One of our first spirited disagreements occurred over implementation. Matt saw immediate value in providing basic Cloud OCR access and wanted to prioritize document upload features. However, we ultimately decided this was a "pipeline dependent" feature—it's success was dependent upon a reason to automate which presumed success of a trained model—which we didn't yet have.
If we wanted accurate training data, we were going to need to change attitudes around the manual review process with the right design. We agreed to focus on what was making our users scream: the endless pile of documents awaiting manual transcription.
The team conducted two phases of manual corrections to train the ML model. To calculate the impact of these manual corrections, established a baseline threshold with Google Cloud OCR, and flagged all transcription confidence scores lower than 86% for manual correction.
With the web interface, we were able to accurately collect and compile every correction made by our human reviewers, categorizing errors and corrections by type (e.g., misread, incomplete, bad format, other). After applying the corrections, the OCR model was retrained with the corrected data. The model's accuracy was then re-evaluated using a separate validation set of documents not included in the initial training set.
\[ \text{Accuracy Improved} = 7\%\]
\[ \text{Cost Savings} = \$1.05\text{ per document}\]

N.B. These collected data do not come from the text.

lemma (in prob_space) conv_in_prob_emp_cdf_less:
  assumes X_meas: "\<And>n i. i \<in> {1..n} \<Longrightarrow> X n i \<in> borel_measurable M"
    and conv: "\<And>c. conv_in_prob M (\<lambda>n \<omega>. emp_cdf n (\<lambda>i. X n i \<omega>) c) (F c)"
    and F_cont: "continuous_on UNIV F"
  shows "conv_in_prob M (\<lambda>n \<omega>. emp_cdf_less n (\<lambda>i. X n i \<omega>) c) (F c)"
  unfolding conv_in_prob_def
proof (intro allI impI)
  fix e :: real assume "0 < e"
  obtain d where "0 < d" and d: "\<bar>F (c - d) - F c\<bar> < e/2"
  proof -
    obtain d where "0 < d" "\<And>x. dist x c < d \<Longrightarrow> dist (F x) (F c) < e/2"
      using F_cont \<open>0 < e\<close> unfolding continuous_on_iff by (metis UNIV_I half_gt_zero)
    then show thesis
      using that[of "d/2"] by (simp add: dist_real_def)
  qed
  \<comment> \<open>\<open>emp_cdf_less n x c\<close> lies between \<open>emp_cdf n x (c - d)\<close> and \<open>emp_cdf n x c\<close>\<close>
  define dev where "dev n c' = {\<omega>\<in>space M. e/2 < \<bar>emp_cdf n (\<lambda>i. X n i \<omega>) c' - F c'\<bar>}" for n c'
  have dev_events: "dev n c' \<in> events" for n c'
  proof -
    have [measurable]: "(\<lambda>\<omega>. emp_cdf n (\<lambda>i. X n i \<omega>) c') \<in> borel_measurable M"
      using borel_measurable_emp_cdf[OF X_meas, where c="\<lambda>_. c'"] by simp
    show ?thesis unfolding dev_def by measurable
  qed
  have cover: "{\<omega>\<in>space M. e < \<bar>emp_cdf_less n (\<lambda>i. X n i \<omega>) c - F c\<bar>} \<subseteq> dev n c \<union> dev n (c - d)"
    for n
  proof
    fix \<omega> assume \<omega>: "\<omega> \<in> {\<omega>\<in>space M. e < \<bar>emp_cdf_less n (\<lambda>i. X n i \<omega>) c - F c\<bar>}"
    have mono: "emp_cdf n (\<lambda>i. X n i \<omega>) (c - d) \<le> emp_cdf_less n (\<lambda>i. X n i \<omega>) c"
      "emp_cdf_less n (\<lambda>i. X n i \<omega>) c \<le> emp_cdf n (\<lambda>i. X n i \<omega>) c"
      using \<open>0 < d\<close> by (simp_all add: emp_cdf_le_emp_cdf_less emp_cdf_less_le_emp_cdf)
    show "\<omega> \<in> dev n c \<union> dev n (c - d)"
    proof (rule ccontr)
      assume "\<omega> \<notin> dev n c \<union> dev n (c - d)"
      then have "\<bar>emp_cdf n (\<lambda>i. X n i \<omega>) c - F c\<bar> \<le> e/2"
        "\<bar>emp_cdf n (\<lambda>i. X n i \<omega>) (c - d) - F (c - d)\<bar> \<le> e/2"
        using \<omega> by (auto simp: dev_def)
      then have "\<bar>emp_cdf_less n (\<lambda>i. X n i \<omega>) c - F c\<bar> \<le> e"
        using mono d unfolding abs_le_iff abs_less_iff by (intro conjI; linarith)
      with \<omega> show False by simp
    qed
  qed
  have "(\<lambda>n. prob (dev n c')) \<longlonglongrightarrow> 0" for c'
    using conv[of c', unfolded conv_in_prob_def, rule_format, of "e/2"] \<open>0 < e\<close>
    unfolding dev_def by simp
  then have lim: "(\<lambda>n. prob (dev n c) + prob (dev n (c - d))) \<longlonglongrightarrow> 0"
    using tendsto_add[of "\<lambda>n. prob (dev n c)" 0 _ "\<lambda>n. prob (dev n (c - d))" 0] by simp
  show "(\<lambda>n. prob {\<omega>\<in>space M. e < \<bar>emp_cdf_less n (\<lambda>i. X n i \<omega>) c - F c\<bar>}) \<longlonglongrightarrow> 0"
  proof (rule tendsto_sandwich[OF _ _ tendsto_const lim])
    show "\<forall>\<^sub>F n in sequentially. prob {\<omega>\<in>space M. e < \<bar>emp_cdf_less n (\<lambda>i. X n i \<omega>) c - F c\<bar>}
        \<le> prob (dev n c) + prob (dev n (c - d))"
      using finite_measure_subset_Un_le[OF cover dev_events dev_events] by (intro always_eventually allI)
  qed simp
qed

lemma (in prob_space) rank_test_rejection_prob_tendsto:
  fixes X :: "nat \<Rightarrow> nat \<Rightarrow> 'a \<Rightarrow> real" and Z :: "nat \<Rightarrow> 'a \<Rightarrow> real"
  assumes X_meas: "\<And>n i. i \<in> {1..n} \<Longrightarrow> X n i \<in> borel_measurable M"
    and Z_meas: "\<And>n. Z n \<in> borel_measurable M"
    and Z_cdf: "\<And>n c. prob {\<omega>\<in>space M. Z n \<omega> \<le> c} = F c"
    and F_cont: "continuous_on UNIV F"
    and conv: "\<And>c. conv_in_prob M (\<lambda>n \<omega>. emp_cdf n (\<lambda>i. X n i \<omega>) c) (F c)"
    and pq: "0 < p" "p < q" "q < 1"
  shows "(\<lambda>n. prob {\<omega>\<in>space M. emp_cdf n (\<lambda>i. X n i \<omega>) (Z n \<omega>) < p
                                \<or> q \<le> emp_cdf_less n (\<lambda>i. X n i \<omega>) (Z n \<omega>)})
         \<longlonglongrightarrow> p + (1 - q)"
proof -
  define A where "A n = {\<omega>\<in>space M. emp_cdf n (\<lambda>i. X n i \<omega>) (Z n \<omega>) < p}" for n
  define B where "B n = {\<omega>\<in>space M. emp_cdf_less n (\<lambda>i. X n i \<omega>) (Z n \<omega>) < q}" for n
  have [measurable]: "(\<lambda>\<omega>. emp_cdf n (\<lambda>i. X n i \<omega>) (Z n \<omega>)) \<in> borel_measurable M"
    "(\<lambda>\<omega>. emp_cdf_less n (\<lambda>i. X n i \<omega>) (Z n \<omega>)) \<in> borel_measurable M" for n
    using borel_measurable_emp_cdf[OF X_meas Z_meas] borel_measurable_emp_cdf_less[OF X_meas Z_meas]
    by auto
  have events: "A n \<in> events" "B n \<in> events" for n
    unfolding A_def B_def by measurable
  have "(\<lambda>n. prob (A n)) \<longlonglongrightarrow> p"
    unfolding A_def
  proof (rule prob_less_at_random_point_tendsto[OF emp_cdf_mono _ conv Z_meas Z_cdf F_cont])
    show "(\<lambda>\<omega>. emp_cdf n (\<lambda>i. X n i \<omega>) c) \<in> borel_measurable M" for n c
      using borel_measurable_emp_cdf[OF X_meas, where c="\<lambda>_. c"] by auto
  qed (use events pq in \<open>auto simp: A_def\<close>)
  moreover have "(\<lambda>n. prob (B n)) \<longlonglongrightarrow> q"
    unfolding B_def
  proof (rule prob_less_at_random_point_tendsto[OF emp_cdf_less_mono _ _ Z_meas Z_cdf F_cont])
    show "(\<lambda>\<omega>. emp_cdf_less n (\<lambda>i. X n i \<omega>) c) \<in> borel_measurable M" for n c
      using borel_measurable_emp_cdf_less[OF X_meas, where c="\<lambda>_. c"] by auto
    show "conv_in_prob M (\<lambda>n \<omega>. emp_cdf_less n (\<lambda>i. X n i \<omega>) c) (F c)" for c
      by (rule conv_in_prob_emp_cdf_less[OF X_meas conv F_cont])
  qed (use events pq in \<open>auto simp: B_def\<close>)
  ultimately have "(\<lambda>n. prob (A n) + (1 - prob (B n))) \<longlonglongrightarrow> p + (1 - q)"
    by (intro tendsto_intros)
  moreover have "{\<omega>\<in>space M. emp_cdf n (\<lambda>i. X n i \<omega>) (Z n \<omega>) < p
                   \<or> q \<le> emp_cdf_less n (\<lambda>i. X n i \<omega>) (Z n \<omega>)} = A n \<union> (space M - B n)"
    for n by (auto simp: A_def B_def)
  moreover have "prob (A n \<union> (space M - B n)) = prob (A n) + (1 - prob (B n))" for n
  proof -
    have "A n \<subseteq> B n"
    proof
      fix \<omega> assume "\<omega> \<in> A n"
      moreover have "emp_cdf_less n (\<lambda>i. X n i \<omega>) (Z n \<omega>) \<le> emp_cdf n (\<lambda>i. X n i \<omega>) (Z n \<omega>)"
        by (rule emp_cdf_less_le_emp_cdf) simp
      ultimately show "\<omega> \<in> B n"
        using pq unfolding A_def B_def by simp
    qed
    then have "A n \<inter> (space M - B n) = {}" by blast
    then show ?thesis
      using finite_measure_Union[OF events(1) _] prob_compl[OF events(2)] events by simp
  qed
  ultimately show ?thesis by simp
qed

lemma nabla_add: "nabla T ts (\<lambda>t. f t + g t) = nabla T ts f + nabla T ts g"
  by (simp add: nabla_def sum.distrib add_divide_distrib)

lemma nabla_const: "1 \<le> ts \<Longrightarrow> ts < T \<Longrightarrow> nabla T ts (\<lambda>t. c) = 0"
  by (simp add: nabla_def)

lemma nabla_post_period:
  "nabla T ts (\<lambda>t. if ts < t then a t else 0) = (\<Sum>t\<in>{ts<..T}. a t) / real (T - ts)"
proof -
  have "(\<Sum>t\<in>{ts<..T}. if ts < t then a t else 0) = (\<Sum>t\<in>{ts<..T}. a t)"
    by (rule sum.cong) auto
  moreover have "(\<Sum>t\<in>{1..ts}. if ts < t then a t else 0) = (0::real)"
    by (rule sum.neutral) auto
  ultimately show ?thesis by (simp add: nabla_def)
qed

lemma nabla_Yobs:
  assumes "1 \<le> ts" "ts < T"
  shows "nabla T ts (\<lambda>t. Yobs ts a th (g t) (e t) i t)
    = (if i = 0 then (\<Sum>t\<in>{ts<..T}. a t) / real (T - ts) else 0) + nabla T ts g + nabla T ts e"
proof -
  have "(\<lambda>t. Yobs ts a th (g t) (e t) i t)
      = (\<lambda>t. (if i = 0 then (if ts < t then a t else 0) else 0) + ((th + g t) + e t))"
    by (auto simp: Yobs_def)
  then show ?thesis
    by (simp add: nabla_add nabla_const[OF assms] nabla_post_period)
qed

lemma difference_in_means_centering:
  fixes U w :: "nat \<Rightarrow> real"
  assumes "1 \<le> n" and U: "\<And>i. U i = (if i = 0 then \<alpha> else 0) + g + w i"
  shows "U 0 - (\<Sum>j\<in>{1..n}. U j) / real n - \<alpha> = w 0 - (\<Sum>j\<in>{1..n}. w j) / real n"
    and "i \<in> {1..n} \<Longrightarrow> U i - (\<Sum>j\<in>{1..n}. U j) / real n = w i - (\<Sum>j\<in>{1..n}. w j) / real n"
proof -
  have "(\<Sum>j\<in>{1..n}. U j) = (\<Sum>j\<in>{1..n}. g + w j)"
    by (rule sum.cong) (simp_all add: U)
  then have "(\<Sum>j\<in>{1..n}. U j) / real n = g + (\<Sum>j\<in>{1..n}. w j) / real n"
    using assms(1) by (simp add: sum.distrib field_simps)
  then show "U 0 - (\<Sum>j\<in>{1..n}. U j) / real n - \<alpha> = w 0 - (\<Sum>j\<in>{1..n}. w j) / real n"
    and "i \<in> {1..n} \<Longrightarrow> U i - (\<Sum>j\<in>{1..n}. U j) / real n = w i - (\<Sum>j\<in>{1..n}. w j) / real n"
    by (simp_all add: U)
qed

theorem corollary1:
  fixes M :: "'a measure"
    and T tstar :: nat
    and eta :: "nat \<Rightarrow> nat \<Rightarrow> nat \<Rightarrow> 'a \<Rightarrow> real"
    and theta :: "nat \<Rightarrow> nat \<Rightarrow> 'a \<Rightarrow> real"
    and gamma :: "nat \<Rightarrow> nat \<Rightarrow> 'a \<Rightarrow> real"
    and a :: "nat \<Rightarrow> real"
    and F :: "real \<Rightarrow> real"
    and alpha0 tau :: real
  defines "W \<equiv> \<lambda>n i \<omega>. nabla T tstar (\<lambda>t. eta n i t \<omega>)"
  defines "Y \<equiv> \<lambda>n i t \<omega>. Yobs tstar a (theta n i \<omega>) (gamma n t \<omega>) (eta n i t \<omega>) i t"
  defines "alphahat \<equiv> \<lambda>n \<omega>. nabla T tstar (\<lambda>t. Y n 0 t \<omega>)
             - (\<Sum>j\<in>{1..n}. nabla T tstar (\<lambda>t. Y n j t \<omega>)) / real n"
  defines "What \<equiv> \<lambda>n \<omega> i. nabla T tstar (\<lambda>t. Y n i t \<omega>)
             - (\<Sum>j\<in>{1..n}. nabla T tstar (\<lambda>t. Y n j t \<omega>)) / real n"
  assumes M: "prob_space M"
    and tstar: "1 \<le> tstar" "tstar < T"
    and meas: "\<And>n i t. i \<le> n \<Longrightarrow> t \<in> {1..T} \<Longrightarrow> eta n i t \<in> borel_measurable M"
    \<comment> \<open>Assumption 1 (i): mean zero\<close>
    and A1_mean: "\<And>n i. i \<le> n \<Longrightarrow> integrable M (W n i) \<and> integral\<^sup>L M (W n i) = 0"
    \<comment> \<open>Assumption 1 (ii): common marginal distribution with continuous cdf F, finite 2nd moment\<close>
    and A1_cdf: "\<And>n i c. i \<le> n \<Longrightarrow> measure M {\<omega>\<in>space M. W n i \<omega> \<le> c} = F c"
    and A1_cont: "continuous_on UNIV F"
    and A1_sq: "\<And>n i. i \<le> n \<Longrightarrow> integrable M (\<lambda>\<omega>. (W n i \<omega>)\<^sup>2)"
    \<comment> \<open>Assumption 1 (iii): LLN and pointwise empirical-cdf convergence over controls\<close>
    and A1_lln: "conv_in_prob M (\<lambda>n \<omega>. (\<Sum>i\<in>{1..n}. W n i \<omega>) / real n) 0"
    and A1_ecdf: "\<And>c. conv_in_prob M
                    (\<lambda>n \<omega>. (\<Sum>i\<in>{1..n}. if W n i \<omega> \<le> c then 1 else 0) / real n) (F c)"
    \<comment> \<open>null hypothesis and level\<close>
    and H0: "(\<Sum>t\<in>{tstar<..T}. a t) / real (T - tstar) = alpha0"
    and tau: "0 < tau" "tau < 1"
  shows "(\<lambda>n. measure M {\<omega>\<in>space M.
            alphahat n \<omega> - alpha0 < emp_quantile n (What n \<omega>) (tau / 2)
          \<or> alphahat n \<omega> - alpha0 > emp_quantile n (What n \<omega>) (1 - tau / 2)})
         \<longlonglongrightarrow> tau"
proof -
  interpret prob_space M by (rule M)
  have nabla_Y: "nabla T tstar (\<lambda>t. Y n i t \<omega>)
      = (if i = 0 then alpha0 else 0) + nabla T tstar (\<lambda>t. gamma n t \<omega>) + W n i \<omega>" for n i \<omega>
    by (simp add: Y_def W_def nabla_Yobs[OF tstar] H0)
  \<comment> \<open>of the moment conditions only the measurability of \<open>W\<close> is used\<close>
  have W_meas: "W n i \<in> borel_measurable M" if "i \<le> n" for n i
    using A1_mean[OF that] by (auto intro: borel_measurable_integrable)
  let ?rank_test = "\<lambda>n. {\<omega>\<in>space M. emp_cdf n (\<lambda>i. W n i \<omega>) (W n 0 \<omega>) < tau / 2
                             \<or> 1 - tau / 2 \<le> emp_cdf_less n (\<lambda>i. W n i \<omega>) (W n 0 \<omega>)}"
  have "(\<lambda>n. prob (?rank_test n)) \<longlonglongrightarrow> tau / 2 + (1 - (1 - tau / 2))"
    using A1_ecdf tau
    by (intro rank_test_rejection_prob_tendsto[where F = F])
       (auto intro: W_meas A1_cont A1_cdf simp: emp_cdf_eq_sum)
  then have lim: "(\<lambda>n. prob (?rank_test n)) \<longlonglongrightarrow> tau" by simp
  have "eventually (\<lambda>n. prob (?rank_test n)
      = prob {\<omega>\<in>space M. alphahat n \<omega> - alpha0 < emp_quantile n (What n \<omega>) (tau / 2)
          \<or> alphahat n \<omega> - alpha0 > emp_quantile n (What n \<omega>) (1 - tau / 2)}) sequentially"
    using eventually_ge_at_top[of 1]
  proof eventually_elim
    case (elim n)
    note centering = difference_in_means_centering[OF elim nabla_Y]
    show ?case
      unfolding alphahat_def What_def centering(1)
      using emp_quantile_test_shift_invariant[OF elim _ _ centering(2)] tau
      by (intro arg_cong[where f = prob]) auto
  qed
  with lim show ?thesis
    by (rule Lim_transform_eventually)
qed

end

The expanded training set enabled the model to handle a broader range of document types and quality levels. By categorizing errors, trainers provided nuanced data that significantly enhanced the model's learning process. For example, by categorizing errors by font type, document quality, and specific sections (headers, body text), the model could apply corrections more intelligently.
Our product demonstrated significant improvements in processing efficiency and accuracy through the integration of advanced OCR and ML technologies. By involving users in both the design and training process, the system quickly evolved to handle document dumps more effectively, ultimately reducing the manual effort required and allowing legal teams to focus on more critical tasks.
Many of us will find ourselves training computers to do our work within our lifetimes. They key to success in the design of any automation is the careful consideration of humans—treating everyone involved with respect and dignity.